# Veritas Bevel-Up Jointer Fence Review



## Alf

So you're thinking to yourself “funny, I don't remember a review of the plane”. Well no, that'll be because I didn't write one. 8-[ The example I had was a _little_ too far off the production line track to make me quite happy about doing a proper review of it. Plus there's only so many times you can the same things about adjustments (good), rear totes (let's not go there), non-machined sides (shoot, no shooting  ) and one's own idiosyncratic habits (who wants a #7-a-like anyway? :wink: ). Also I didn't have the fence to try with it, and that seemed to me one of the most interesting features of the plane. Well now I _do_ have a fence to try, and as there's not much about on the face of the 'net concerning it, here's a quick guide.

First up, the observant reader might be thinking “hang on, I though the plane you got didn't have the necessary holes for the fixing the fence?” That's true, but it's amazing what you can do with the correct drill 'n' tap (Thanks Steve at LV) and a cavalier attitude to making holes in ductile iron...  So my home-grown holes; no-one would be deceived into thinking they were production line, but they do the job. Not being a lefty, I decided not to bother with the pair on the other side, so confusion awaits the collector of tomorrow. :wink:





The fence itself is an 11” length of black anodized aluminium extrusion, with two brass knobs to fix it to the plane, and a set screw to adjust it for square. It has as many holes in it as your average Swiss cheese; top middle (indicated) is the set screw; the two outer ones line up with the holes in the plane and are the ones used for actually fixing the fence; next to them are two threaded holes to take the brass knobs when the fence is stored; finally, the central hole allows access to the lateral set screw for the iron without having to remove the fence. Nice touch. Below those are two holes to take an additional wooden facing, different versions of which can be made in order to accommodate any angles you might want to plane. That's the theory anyway. In practice it does rather assume you have the means to create the required angle without needing an angled fence on a jointer plane... :roll: :lol:





The set screw bears on the side of the plane and can be adjusted in and out to get the fence square to the sole.

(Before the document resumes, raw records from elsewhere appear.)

(* Let $\varphi\colon Y\to X$ be a torus-equivariant embedding of a normal toric variety $Y$ into a smooth toric variety $X$ with no torus factors, let $L\subseteq\mathbb{Z}^n$ be the associated lattice, and let $\psi\colon L_{\mathbb{R}}\to\mathbb{Z}^n$ be the ceiling stratification with $L_{\mathbb{R}}$ given its standard cell structure. Then (i) the real torus $T_\varphi$ equals $L_{\mathbb{R}}/L$ and the cell structure on it induced from the standard cell structure of $L_{\mathbb{R}}$ coincides with the stratification of $T_\varphi$ by the toric arrangement of Hanlon–Hicks–Lazarev; and (ii) the line bundle that the Hanlon–Hicks–Lazarev construction assigns to a cell $\sigma'\subseteq L_{\mathbb{R}}/L$ is $\mathcal{O}_X(-\psi(\sigma))$, where $\sigma\subseteq L_{\mathbb{R}}$ is any cell representing $\sigma'$.
   Context: Let $X$ be a smooth toric variety with no torus factors whose fan has $n$ rays with primitive generators $\bm u_1,\dots,\bm u_n\in N_X$, and $Y$ a normal toric variety with a torus-equivariant embedding $\varphi\colon Y\to X$, corresponding to an injective $\mathbb{Z}$-linear map $\overline\varphi\colon N_Y\to N_X$ of one-parameter-subgroup lattices with dual surjection $\overline\varphi^*\colon M_X\to M_Y$ of character lattices. Set $L=\ker\overline\varphi^*\subseteq M_X$, embedded in $\mathbb{Z}^n$ by $\nu(\bm m)=(\bm u_1\cdot\bm m,\dots,\bm u_n\cdot\bm m)$; $\mathbb{Z}^n$ is identified with the group of torus-invariant divisors of $X$ and $\mathcal{O}_X(\bm u)$ denotes the corresponding line bundle. $L_{\mathbb{R}}=L\otimes\mathbb{R}\subseteq\mathbb{R}^n$ has the standard cell structure: the polyhedral cell structure from the periodic arrangement of affine hyperplanes $\{\bm p\in L_{\mathbb{R}}:p_i=j\}$, $1\le i\le n$, $j\in\mathbb{Z}$ (equivalently $\{\bm q: \bm u_i\cdot\bm q=j\}$); it descends to a cell structure on $L_{\mathbb{R}}/L$. The ceiling stratification is $\psi(\bm p)=(\lceil p_1\rceil,\dots,\lceil p_n\rceil)$, constant on open cells. The Hanlon–Hicks–Lazarev (HHL) data: the real torus $T_\varphi$ is the kernel of the induced map $(M_X\otimes\mathbb{R})/M_X\to(M_Y\otimes\mathbb{R})/M_Y$; it is stratified by the toric arrangement of subtori cut out by the conditions $\bm u_i\cdot\bm q\in\mathbb{Z}$, $1\le i\le n$; and to each point $\bm q\in M_X\otimes\mathbb{R}$ HHL assign the line bundle $\mathcal{O}_X\big((\lfloor-\bm u_1\cdot\bm q\rfloor,\dots,\lfloor-\bm u_n\cdot\bm q\rfloor)\big)$, which is constant on strata. *)

theory Defs
  imports "HOL-Analysis.Analysis"
begin

text \<open>Lattices: M_X = int^'d (characters of X), N_X = int^'d, M_Y = int^'e,
 rays indexed by a finite type 'r (so n = CARD('r)), Z^n = int^'r (torus-invariant divisors).\<close>

definition ofintv :: "int^'a \<Rightarrow> real^'a" where
  "ofintv m = (\<chi> k. of_int (m $ k))"

definition intvecs :: "(real^'a) set" where
  "intvecs = {x. \<forall>k. x $ k \<in> \<int>}"

definition dotR :: "int^'d \<Rightarrow> real^'d \<Rightarrow> real" where
  "dotR u q = (\<Sum>k\<in>UNIV. of_int (u $ k) * q $ k)"

definition dotZ :: "int^'d \<Rightarrow> int^'d \<Rightarrow> int" where
  "dotZ u m = (\<Sum>k\<in>UNIV. u $ k * m $ k)"

definition nuZ :: "('r \<Rightarrow> int^'d) \<Rightarrow> int^'d \<Rightarrow> int^'r" where
  "nuZ u m = (\<chi> i. dotZ (u i) m)"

Sighting along the sole with the clamping knobs loosened, you can see the fence is fairly out of square. Turning the set screw clockwise is necessary. There's quite a lot of leeway in this adjustment, which is good.





And here it is dead on. Once you've done this once, it shouldn't need adjusting again even when you remove and replace the fence. In practice the set screw is a fairly loose fit in its hole, so it could get turned by accident; I'd be inclined to check it every time, just to be certain.

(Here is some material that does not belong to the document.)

(* Let $\alpha,\beta$ be compositions with $\beta\subseteq\alpha$ such that $\alpha/\beta$ is reduced and $\beta$ is a partition (i.e. $\beta_1\ge\beta_2\ge\cdots$). Then $\mathrm{SET}(\alpha/\beta)$ has a unique minimal element, $S^{\mathrm{col}}_{\alpha/\beta}$. Equivalently, $\mathrm{SET}(\alpha/\beta)$ coincides with the interval $[S^{\mathrm{col}}_{\alpha/\beta},S^{\mathrm{row}}_{\alpha/\beta}]$ of $\mathrm{SIT}(\alpha/\beta)$, and its rank is $\binom{|\alpha/\beta|}{2}-\sum_{c\in\alpha/\beta}\mathrm{ls}(c)$.
   Context: A composition $\alpha=(\alpha_1,\ldots,\alpha_k)$ is a finite sequence of positive integers, $|\alpha|=\sum\alpha_i$. Its diagram has rows numbered from the bottom (row 1 lowest), row $i$ consisting of the cells in columns $1,\ldots,\alpha_i$. For $\beta\subseteq\alpha$ (i.e. $\ell(\beta)\le\ell(\alpha)$, $\beta_j\le\alpha_j$), the skew diagram $\alpha/\beta$ consists of the cells in row $i$, column $j$ with $\beta_i<j\le\alpha_i$ ($\beta_i=0$ for $i>\ell(\beta)$); $n=|\alpha/\beta|$. $\alpha/\beta$ is reduced if it has no empty row (no $i$ with $\alpha_i=\beta_i$). $\mathrm{SIT}(\alpha/\beta)$: bijective fillings of $\alpha/\beta$ with $1,\ldots,n$ with rows increasing left to right and column-1 entries increasing bottom to top. $\mathrm{SET}(\alpha/\beta)\subseteq\mathrm{SIT}(\alpha/\beta)$: fillings with all rows increasing left to right and all columns increasing bottom to top. For $1\le i\le n-1$, $\pi_i(T)=T$ if $i+1$ is in a strictly higher row than $i$, $\pi_i(T)=s_i(T)$ (swap $i$ and $i+1$) if $i+1$ is in a strictly lower row than $i$, and $\pi_i(T)=0$ otherwise. The poset order on $\mathrm{SIT}(\alpha/\beta)$: $T\le T'$ iff $T'$ is obtained from $T$ by a sequence of operators $\pi_i$ (all intermediate results nonzero); this poset is graded with rank function given by the number of inversions of the reading word, and $\mathrm{SET}(\alpha/\beta)$ has the induced order. $S^{\mathrm{row}}_{\alpha/\beta}$ is filled with $1,\ldots,n$ consecutively along rows left to right, from the bottom row upward; $S^{\mathrm{col}}_{\alpha/\beta}$ is filled consecutively along columns bottom to top, from the leftmost column rightward. For a cell $c$, $\mathrm{ls}(c)$ is the number of cells of $\alpha/\beta$ other than $c$ weakly southwest of $c$. *)

theory Defs
  imports Main
begin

So being good to go, I cast about for a suitable bit of stock to joint. My first choice was this bit of cherry, but it quickly revealed one of the drawbacks of using a jointer fence. If the fence is deeper than the stock is wide, 2” in this case, the fence will foul the bench top and the plane will ride on the fence edge and never reach the wood. Just the nature of the beast, but a good illustration of why you can't depend _entirely_ on this sort of add-on.





No matter; I found a piece of oak that'd do instead. Pretty gritty though, so a quick burst with the scrub first then lots of passes until the whole length is being planed. Essentially the rear hand is providing all the motive force, while the front hand puts pressure on the fence to keep it against the face of the board. With the bevel-up's natural tendency to hug the wood, I really didn't feel any need for pressure downwards at the toe. Another disadvantage of using a fence cropped up before I was done though; only about half the blade was doing all the work. #-o So with this rather tough old oak a brief stop to hone the iron was required. Straight edge, of course. :roll:





With the fence guiding the 90° angle, and the length of the plane dealing with straightness – the BUT may be the length of a #7, but I'm reliably informed the location of the mouth gives it the effective length of a #8 - it was just up to me to do the mindless donkey work. Which I kind of resent, to be honest. The thing that'll sell this to an awful lot of folks, really annoys me; there's no skill in it at all. I might as well have been using a powered jointer, 'cept I could hear myself huffing and puffing...  Foolproof? Quite possibly. Pretty close to it, anyway. Either that or I'm a jointing genius and managed to conceal it all these years... :-s 





Of course there are alternatives out there, from an antique Stanley #386, right through to a rebated bit of wood and a couple of clamps. The Stanleys _et al_ with their ability to be easily set for different angles have the edge, IMO. Individual wooden sub fences for angled work do not wow me in any shape or form; I know I'd make a hash of making them, and as for storing them for future use, well don't get me started... However, I got to thinking about an alternative and decided to kludge together something to see if my thought held up to actual use. A quick raid of the scraps box found a couple of bits of oak that would do. First a rebate on each piece.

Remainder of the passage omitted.